Stored data:
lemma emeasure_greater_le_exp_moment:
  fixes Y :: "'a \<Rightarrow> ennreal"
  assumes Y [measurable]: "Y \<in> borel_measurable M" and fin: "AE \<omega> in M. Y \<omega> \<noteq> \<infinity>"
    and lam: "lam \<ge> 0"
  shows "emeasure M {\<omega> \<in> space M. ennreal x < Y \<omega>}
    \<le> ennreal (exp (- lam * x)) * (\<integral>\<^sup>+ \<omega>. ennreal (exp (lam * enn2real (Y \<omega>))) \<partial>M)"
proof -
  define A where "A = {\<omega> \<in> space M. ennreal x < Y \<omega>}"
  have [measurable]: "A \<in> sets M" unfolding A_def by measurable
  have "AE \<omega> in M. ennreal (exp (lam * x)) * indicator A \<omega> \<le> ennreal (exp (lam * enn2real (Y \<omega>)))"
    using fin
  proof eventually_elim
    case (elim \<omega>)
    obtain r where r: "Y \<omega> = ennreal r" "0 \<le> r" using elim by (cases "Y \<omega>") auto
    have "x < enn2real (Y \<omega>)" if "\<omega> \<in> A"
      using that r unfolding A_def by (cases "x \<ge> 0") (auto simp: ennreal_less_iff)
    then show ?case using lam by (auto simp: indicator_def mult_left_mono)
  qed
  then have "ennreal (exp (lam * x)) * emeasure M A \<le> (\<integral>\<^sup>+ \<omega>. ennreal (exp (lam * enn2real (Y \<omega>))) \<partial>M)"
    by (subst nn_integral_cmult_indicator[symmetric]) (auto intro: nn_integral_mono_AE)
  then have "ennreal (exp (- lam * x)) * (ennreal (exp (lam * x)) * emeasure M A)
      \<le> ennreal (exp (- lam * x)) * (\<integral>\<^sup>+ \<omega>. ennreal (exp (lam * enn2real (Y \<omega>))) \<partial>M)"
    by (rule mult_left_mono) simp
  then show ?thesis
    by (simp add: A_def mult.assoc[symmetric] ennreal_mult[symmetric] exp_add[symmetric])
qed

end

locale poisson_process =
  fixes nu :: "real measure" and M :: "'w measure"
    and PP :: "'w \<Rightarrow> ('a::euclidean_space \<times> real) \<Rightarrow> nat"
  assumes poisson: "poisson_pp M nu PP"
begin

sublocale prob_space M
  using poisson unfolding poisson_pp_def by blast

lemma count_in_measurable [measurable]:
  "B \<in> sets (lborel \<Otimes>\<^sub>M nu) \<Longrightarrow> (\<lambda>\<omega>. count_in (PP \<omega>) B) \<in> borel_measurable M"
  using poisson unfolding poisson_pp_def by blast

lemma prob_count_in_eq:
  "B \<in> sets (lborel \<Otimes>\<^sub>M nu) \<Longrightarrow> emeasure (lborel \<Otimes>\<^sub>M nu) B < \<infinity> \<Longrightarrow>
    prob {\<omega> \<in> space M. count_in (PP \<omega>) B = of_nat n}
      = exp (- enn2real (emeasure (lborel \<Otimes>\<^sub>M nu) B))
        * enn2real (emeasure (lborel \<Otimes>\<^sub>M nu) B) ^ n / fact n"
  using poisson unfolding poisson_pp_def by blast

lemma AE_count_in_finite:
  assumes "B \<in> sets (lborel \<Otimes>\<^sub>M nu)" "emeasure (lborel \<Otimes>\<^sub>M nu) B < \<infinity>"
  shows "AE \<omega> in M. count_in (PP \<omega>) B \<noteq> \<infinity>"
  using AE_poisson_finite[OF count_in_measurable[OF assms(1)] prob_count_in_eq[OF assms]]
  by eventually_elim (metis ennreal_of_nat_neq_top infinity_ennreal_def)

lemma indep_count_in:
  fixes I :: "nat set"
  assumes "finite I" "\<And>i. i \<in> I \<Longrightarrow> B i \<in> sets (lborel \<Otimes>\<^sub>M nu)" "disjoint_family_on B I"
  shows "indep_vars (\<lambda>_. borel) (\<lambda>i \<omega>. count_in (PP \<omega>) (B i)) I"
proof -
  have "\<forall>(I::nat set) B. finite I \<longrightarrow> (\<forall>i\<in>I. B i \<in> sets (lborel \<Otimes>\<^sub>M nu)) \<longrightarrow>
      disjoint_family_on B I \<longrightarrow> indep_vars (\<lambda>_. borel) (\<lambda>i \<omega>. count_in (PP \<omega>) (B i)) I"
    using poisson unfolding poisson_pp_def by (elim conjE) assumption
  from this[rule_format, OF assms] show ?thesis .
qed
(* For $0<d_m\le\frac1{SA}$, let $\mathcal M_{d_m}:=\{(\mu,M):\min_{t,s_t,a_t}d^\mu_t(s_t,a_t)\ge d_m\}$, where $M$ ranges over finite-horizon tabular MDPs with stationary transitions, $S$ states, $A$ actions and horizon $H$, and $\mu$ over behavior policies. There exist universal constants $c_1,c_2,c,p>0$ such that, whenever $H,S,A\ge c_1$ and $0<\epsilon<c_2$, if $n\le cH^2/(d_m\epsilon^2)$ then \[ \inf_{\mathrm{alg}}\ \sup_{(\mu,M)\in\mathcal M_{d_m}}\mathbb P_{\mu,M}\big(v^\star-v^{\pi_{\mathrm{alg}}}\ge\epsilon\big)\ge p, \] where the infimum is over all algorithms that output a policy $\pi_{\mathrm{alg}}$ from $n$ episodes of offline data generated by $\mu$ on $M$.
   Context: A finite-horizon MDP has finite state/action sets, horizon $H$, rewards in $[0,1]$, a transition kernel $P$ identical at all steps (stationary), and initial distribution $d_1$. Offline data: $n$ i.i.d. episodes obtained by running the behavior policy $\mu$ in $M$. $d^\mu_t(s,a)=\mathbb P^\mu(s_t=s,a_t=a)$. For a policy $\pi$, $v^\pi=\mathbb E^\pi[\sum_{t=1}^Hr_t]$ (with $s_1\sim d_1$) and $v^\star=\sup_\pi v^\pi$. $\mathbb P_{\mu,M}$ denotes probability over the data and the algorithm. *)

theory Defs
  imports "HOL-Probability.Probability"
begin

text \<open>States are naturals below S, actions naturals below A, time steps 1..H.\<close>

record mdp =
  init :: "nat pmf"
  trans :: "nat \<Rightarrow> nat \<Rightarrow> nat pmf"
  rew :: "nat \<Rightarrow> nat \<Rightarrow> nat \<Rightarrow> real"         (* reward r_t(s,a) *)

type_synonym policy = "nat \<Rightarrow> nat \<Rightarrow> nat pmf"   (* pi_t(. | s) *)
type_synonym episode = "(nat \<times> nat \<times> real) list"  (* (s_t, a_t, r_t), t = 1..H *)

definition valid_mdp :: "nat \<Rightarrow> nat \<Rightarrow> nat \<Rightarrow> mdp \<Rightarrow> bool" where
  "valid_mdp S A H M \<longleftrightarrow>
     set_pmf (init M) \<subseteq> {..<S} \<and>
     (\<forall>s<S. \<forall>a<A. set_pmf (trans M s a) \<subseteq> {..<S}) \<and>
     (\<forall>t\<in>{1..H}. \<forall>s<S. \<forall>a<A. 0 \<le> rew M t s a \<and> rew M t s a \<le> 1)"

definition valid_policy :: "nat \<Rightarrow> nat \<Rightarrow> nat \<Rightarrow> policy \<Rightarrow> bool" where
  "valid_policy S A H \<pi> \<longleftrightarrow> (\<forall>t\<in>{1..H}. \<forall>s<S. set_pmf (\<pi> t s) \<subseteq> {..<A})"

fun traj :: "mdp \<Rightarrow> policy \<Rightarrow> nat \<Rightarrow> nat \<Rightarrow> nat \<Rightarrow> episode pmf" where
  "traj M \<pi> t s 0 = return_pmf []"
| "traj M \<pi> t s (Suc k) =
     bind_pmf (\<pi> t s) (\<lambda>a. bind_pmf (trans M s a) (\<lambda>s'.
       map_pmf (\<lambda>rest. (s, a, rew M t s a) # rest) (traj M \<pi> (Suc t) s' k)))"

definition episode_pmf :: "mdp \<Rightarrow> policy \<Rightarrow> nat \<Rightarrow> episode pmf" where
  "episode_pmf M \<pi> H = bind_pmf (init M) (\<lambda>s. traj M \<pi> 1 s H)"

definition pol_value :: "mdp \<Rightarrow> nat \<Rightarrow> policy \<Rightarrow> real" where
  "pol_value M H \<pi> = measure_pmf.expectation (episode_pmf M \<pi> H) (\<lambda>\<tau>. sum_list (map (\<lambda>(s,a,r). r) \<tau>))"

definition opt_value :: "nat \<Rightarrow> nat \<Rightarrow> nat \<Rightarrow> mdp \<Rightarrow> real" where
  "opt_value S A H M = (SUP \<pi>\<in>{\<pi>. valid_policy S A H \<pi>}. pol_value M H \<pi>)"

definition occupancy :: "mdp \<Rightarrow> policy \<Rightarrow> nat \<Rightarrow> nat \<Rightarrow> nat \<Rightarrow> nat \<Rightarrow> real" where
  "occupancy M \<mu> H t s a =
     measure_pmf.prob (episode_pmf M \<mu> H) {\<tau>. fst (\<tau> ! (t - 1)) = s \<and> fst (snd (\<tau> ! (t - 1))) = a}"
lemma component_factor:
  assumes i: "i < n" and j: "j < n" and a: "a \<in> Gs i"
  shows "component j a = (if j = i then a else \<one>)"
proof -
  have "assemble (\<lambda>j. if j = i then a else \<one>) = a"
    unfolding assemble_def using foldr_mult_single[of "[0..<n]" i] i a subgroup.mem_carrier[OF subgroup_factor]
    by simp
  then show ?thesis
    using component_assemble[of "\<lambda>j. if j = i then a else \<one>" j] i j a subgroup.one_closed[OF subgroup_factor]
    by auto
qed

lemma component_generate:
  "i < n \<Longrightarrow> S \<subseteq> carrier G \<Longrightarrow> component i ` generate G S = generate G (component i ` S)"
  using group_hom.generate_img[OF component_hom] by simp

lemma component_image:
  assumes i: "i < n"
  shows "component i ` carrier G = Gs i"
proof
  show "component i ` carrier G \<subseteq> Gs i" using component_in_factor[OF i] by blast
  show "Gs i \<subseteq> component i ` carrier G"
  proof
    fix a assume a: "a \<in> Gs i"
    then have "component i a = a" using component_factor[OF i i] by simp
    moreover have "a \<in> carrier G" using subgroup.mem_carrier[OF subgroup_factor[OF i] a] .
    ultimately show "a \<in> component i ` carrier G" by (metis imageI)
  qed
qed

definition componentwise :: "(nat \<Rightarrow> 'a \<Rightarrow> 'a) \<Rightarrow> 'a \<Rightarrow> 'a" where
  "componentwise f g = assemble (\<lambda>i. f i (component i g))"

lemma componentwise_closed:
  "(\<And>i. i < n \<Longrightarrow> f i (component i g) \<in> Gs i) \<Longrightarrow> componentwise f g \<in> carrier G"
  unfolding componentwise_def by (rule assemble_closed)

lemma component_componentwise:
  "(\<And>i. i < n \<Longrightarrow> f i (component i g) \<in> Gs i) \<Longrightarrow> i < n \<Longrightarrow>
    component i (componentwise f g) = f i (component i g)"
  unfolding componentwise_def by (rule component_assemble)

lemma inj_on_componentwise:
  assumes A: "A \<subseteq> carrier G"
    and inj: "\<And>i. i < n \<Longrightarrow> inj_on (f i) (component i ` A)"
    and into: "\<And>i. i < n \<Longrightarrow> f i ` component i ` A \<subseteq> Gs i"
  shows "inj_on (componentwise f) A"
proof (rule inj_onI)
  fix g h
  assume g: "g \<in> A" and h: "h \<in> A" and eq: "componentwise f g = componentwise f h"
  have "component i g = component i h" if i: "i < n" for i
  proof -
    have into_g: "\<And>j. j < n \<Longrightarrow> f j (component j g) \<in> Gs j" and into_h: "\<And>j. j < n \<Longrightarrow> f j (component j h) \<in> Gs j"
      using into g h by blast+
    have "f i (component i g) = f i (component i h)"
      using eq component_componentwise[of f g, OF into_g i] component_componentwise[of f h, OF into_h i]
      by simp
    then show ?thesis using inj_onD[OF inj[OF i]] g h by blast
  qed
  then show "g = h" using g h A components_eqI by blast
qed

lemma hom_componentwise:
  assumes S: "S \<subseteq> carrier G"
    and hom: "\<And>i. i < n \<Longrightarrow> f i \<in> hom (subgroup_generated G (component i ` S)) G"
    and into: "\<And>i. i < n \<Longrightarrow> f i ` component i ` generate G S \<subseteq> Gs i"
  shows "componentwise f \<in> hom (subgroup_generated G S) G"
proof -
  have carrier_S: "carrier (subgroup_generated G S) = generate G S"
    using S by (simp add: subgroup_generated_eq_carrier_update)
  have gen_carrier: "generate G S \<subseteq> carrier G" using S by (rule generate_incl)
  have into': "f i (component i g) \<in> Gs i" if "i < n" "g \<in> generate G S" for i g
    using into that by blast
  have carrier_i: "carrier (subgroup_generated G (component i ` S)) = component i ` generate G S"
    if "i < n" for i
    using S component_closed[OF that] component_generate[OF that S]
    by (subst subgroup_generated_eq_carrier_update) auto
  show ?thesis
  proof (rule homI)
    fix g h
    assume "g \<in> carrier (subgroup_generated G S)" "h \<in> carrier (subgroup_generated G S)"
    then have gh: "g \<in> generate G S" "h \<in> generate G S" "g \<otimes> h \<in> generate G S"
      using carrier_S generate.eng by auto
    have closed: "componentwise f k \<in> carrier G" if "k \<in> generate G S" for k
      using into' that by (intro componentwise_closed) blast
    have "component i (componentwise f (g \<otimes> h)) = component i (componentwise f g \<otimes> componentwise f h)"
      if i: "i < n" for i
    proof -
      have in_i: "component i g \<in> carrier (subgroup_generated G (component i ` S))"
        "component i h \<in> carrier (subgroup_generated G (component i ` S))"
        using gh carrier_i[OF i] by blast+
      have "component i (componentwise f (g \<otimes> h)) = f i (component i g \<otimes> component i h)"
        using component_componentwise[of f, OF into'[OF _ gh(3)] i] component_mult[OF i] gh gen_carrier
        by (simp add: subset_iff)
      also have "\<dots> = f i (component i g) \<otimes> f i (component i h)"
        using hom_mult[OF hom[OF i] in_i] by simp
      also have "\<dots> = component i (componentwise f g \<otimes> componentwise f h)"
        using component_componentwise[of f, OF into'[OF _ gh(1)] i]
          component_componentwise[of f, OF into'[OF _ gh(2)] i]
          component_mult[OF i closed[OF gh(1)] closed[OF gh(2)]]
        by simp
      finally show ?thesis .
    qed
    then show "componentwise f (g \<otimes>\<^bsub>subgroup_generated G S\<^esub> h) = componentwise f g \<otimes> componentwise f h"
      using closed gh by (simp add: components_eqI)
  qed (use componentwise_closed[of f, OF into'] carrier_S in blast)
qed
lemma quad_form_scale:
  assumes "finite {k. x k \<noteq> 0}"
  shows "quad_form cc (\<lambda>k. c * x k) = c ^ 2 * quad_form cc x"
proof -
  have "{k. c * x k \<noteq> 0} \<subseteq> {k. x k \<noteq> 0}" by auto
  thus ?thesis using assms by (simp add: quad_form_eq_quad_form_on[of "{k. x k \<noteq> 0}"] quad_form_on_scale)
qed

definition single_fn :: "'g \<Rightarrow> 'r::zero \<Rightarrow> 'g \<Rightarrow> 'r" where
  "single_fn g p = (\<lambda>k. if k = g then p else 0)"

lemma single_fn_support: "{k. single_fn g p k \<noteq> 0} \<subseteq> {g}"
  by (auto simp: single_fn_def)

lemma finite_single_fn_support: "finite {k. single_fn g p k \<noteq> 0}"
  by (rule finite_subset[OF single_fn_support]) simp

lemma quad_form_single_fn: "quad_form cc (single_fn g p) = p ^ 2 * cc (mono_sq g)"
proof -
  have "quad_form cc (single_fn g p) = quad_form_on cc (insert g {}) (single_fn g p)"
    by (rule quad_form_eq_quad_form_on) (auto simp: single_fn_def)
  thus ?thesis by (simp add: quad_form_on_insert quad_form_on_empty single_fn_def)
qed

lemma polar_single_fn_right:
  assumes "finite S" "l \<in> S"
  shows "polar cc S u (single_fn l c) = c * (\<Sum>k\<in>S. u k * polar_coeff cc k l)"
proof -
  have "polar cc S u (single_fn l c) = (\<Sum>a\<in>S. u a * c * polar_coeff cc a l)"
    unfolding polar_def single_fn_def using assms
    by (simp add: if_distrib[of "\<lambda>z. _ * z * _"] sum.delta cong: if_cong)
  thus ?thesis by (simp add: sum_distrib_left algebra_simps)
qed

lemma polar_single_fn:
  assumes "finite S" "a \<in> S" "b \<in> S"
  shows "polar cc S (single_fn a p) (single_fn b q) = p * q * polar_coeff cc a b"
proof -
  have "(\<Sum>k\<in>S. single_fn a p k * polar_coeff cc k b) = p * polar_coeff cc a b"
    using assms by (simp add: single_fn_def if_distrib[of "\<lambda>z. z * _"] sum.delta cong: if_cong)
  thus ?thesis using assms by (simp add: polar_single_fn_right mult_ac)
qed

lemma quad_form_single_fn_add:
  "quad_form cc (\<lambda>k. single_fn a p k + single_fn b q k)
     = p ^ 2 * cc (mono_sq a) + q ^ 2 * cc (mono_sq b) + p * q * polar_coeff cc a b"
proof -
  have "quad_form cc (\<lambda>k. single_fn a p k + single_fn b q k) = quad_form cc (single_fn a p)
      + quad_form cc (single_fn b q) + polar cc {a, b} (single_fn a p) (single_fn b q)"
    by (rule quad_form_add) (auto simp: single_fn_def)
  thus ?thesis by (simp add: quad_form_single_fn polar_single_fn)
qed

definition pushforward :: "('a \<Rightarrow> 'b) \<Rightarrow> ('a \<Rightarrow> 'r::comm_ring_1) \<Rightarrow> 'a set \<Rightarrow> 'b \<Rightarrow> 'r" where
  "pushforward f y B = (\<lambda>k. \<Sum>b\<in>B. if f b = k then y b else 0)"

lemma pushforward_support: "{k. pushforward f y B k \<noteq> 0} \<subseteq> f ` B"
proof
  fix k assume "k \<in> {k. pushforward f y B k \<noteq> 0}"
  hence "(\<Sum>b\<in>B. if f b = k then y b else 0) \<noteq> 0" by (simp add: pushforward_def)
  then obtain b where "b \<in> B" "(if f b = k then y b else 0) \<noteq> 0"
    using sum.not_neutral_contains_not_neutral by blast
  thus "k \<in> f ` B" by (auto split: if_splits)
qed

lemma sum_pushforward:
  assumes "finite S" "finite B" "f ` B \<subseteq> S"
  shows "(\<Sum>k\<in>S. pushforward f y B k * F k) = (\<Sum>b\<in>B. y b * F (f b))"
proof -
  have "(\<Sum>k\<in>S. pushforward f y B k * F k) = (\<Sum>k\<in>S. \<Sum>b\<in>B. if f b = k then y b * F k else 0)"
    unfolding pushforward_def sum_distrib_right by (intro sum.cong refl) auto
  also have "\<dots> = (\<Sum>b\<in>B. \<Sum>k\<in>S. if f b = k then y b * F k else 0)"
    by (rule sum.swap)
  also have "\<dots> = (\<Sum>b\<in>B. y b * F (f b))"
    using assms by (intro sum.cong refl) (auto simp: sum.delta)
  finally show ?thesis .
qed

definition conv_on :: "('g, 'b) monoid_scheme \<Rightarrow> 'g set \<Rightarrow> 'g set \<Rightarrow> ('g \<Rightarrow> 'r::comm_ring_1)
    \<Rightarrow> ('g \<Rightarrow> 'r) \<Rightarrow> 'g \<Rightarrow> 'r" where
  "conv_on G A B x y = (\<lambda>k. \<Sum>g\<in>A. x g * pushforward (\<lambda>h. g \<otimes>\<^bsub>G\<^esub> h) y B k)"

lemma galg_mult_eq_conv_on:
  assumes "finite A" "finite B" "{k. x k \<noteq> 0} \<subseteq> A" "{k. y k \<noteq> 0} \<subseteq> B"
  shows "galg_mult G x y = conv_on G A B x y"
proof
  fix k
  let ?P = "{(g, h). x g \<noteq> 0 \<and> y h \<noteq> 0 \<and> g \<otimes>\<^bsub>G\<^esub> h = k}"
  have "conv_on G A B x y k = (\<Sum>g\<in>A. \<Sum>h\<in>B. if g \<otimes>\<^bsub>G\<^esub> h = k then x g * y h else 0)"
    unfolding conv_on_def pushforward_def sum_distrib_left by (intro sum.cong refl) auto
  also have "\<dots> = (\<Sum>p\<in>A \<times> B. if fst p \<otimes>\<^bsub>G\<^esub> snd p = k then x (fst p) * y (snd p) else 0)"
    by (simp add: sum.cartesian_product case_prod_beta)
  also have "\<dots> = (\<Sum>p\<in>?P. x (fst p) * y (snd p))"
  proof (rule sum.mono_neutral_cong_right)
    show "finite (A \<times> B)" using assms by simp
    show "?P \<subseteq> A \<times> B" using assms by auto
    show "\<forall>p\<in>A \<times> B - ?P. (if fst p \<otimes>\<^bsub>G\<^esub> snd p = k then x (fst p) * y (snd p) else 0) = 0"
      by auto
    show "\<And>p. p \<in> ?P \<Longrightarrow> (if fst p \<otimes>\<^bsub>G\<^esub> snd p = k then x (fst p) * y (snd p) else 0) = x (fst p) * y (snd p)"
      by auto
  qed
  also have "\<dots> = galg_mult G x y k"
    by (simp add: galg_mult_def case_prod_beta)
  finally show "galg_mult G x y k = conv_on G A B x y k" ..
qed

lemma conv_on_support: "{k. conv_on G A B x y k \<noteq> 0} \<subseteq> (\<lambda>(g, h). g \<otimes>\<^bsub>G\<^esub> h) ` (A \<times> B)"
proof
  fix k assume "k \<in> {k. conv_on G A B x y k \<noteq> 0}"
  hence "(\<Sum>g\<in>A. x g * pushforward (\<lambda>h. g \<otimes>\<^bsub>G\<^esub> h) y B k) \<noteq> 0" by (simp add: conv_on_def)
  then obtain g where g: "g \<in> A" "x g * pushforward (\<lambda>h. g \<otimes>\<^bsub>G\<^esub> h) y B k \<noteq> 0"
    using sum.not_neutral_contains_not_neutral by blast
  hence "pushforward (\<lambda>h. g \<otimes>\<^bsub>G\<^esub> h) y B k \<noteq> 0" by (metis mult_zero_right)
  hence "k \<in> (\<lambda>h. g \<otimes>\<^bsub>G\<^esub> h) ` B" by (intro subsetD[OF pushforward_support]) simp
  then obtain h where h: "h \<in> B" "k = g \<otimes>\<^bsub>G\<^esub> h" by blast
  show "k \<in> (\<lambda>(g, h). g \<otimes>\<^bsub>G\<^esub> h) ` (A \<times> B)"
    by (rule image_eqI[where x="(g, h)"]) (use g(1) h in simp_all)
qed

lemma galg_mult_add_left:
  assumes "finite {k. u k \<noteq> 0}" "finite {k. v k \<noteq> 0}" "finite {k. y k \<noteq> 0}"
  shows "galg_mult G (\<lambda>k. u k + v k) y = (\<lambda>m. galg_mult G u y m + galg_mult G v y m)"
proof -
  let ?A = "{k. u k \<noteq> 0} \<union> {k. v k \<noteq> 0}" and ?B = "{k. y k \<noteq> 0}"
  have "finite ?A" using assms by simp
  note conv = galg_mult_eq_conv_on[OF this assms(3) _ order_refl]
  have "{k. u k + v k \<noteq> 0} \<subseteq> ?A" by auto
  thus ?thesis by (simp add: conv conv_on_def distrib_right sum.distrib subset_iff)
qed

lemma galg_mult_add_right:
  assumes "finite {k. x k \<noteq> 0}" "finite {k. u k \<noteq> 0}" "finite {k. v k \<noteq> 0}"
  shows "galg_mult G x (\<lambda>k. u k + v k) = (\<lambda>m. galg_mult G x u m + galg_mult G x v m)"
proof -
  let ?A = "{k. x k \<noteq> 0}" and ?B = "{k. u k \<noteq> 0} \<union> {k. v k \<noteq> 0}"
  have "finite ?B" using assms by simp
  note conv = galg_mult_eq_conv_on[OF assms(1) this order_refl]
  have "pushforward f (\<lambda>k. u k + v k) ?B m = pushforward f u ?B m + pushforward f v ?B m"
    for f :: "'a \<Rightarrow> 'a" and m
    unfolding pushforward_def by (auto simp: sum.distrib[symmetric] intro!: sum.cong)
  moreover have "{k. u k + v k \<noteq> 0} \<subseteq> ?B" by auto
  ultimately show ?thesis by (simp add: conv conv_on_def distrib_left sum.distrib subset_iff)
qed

◆ **WHAT TO WORK ON**
Please give the number of lines above that include the string "also", with nothing added.

◆ **SOLUTION TO THE PROBLEM**
7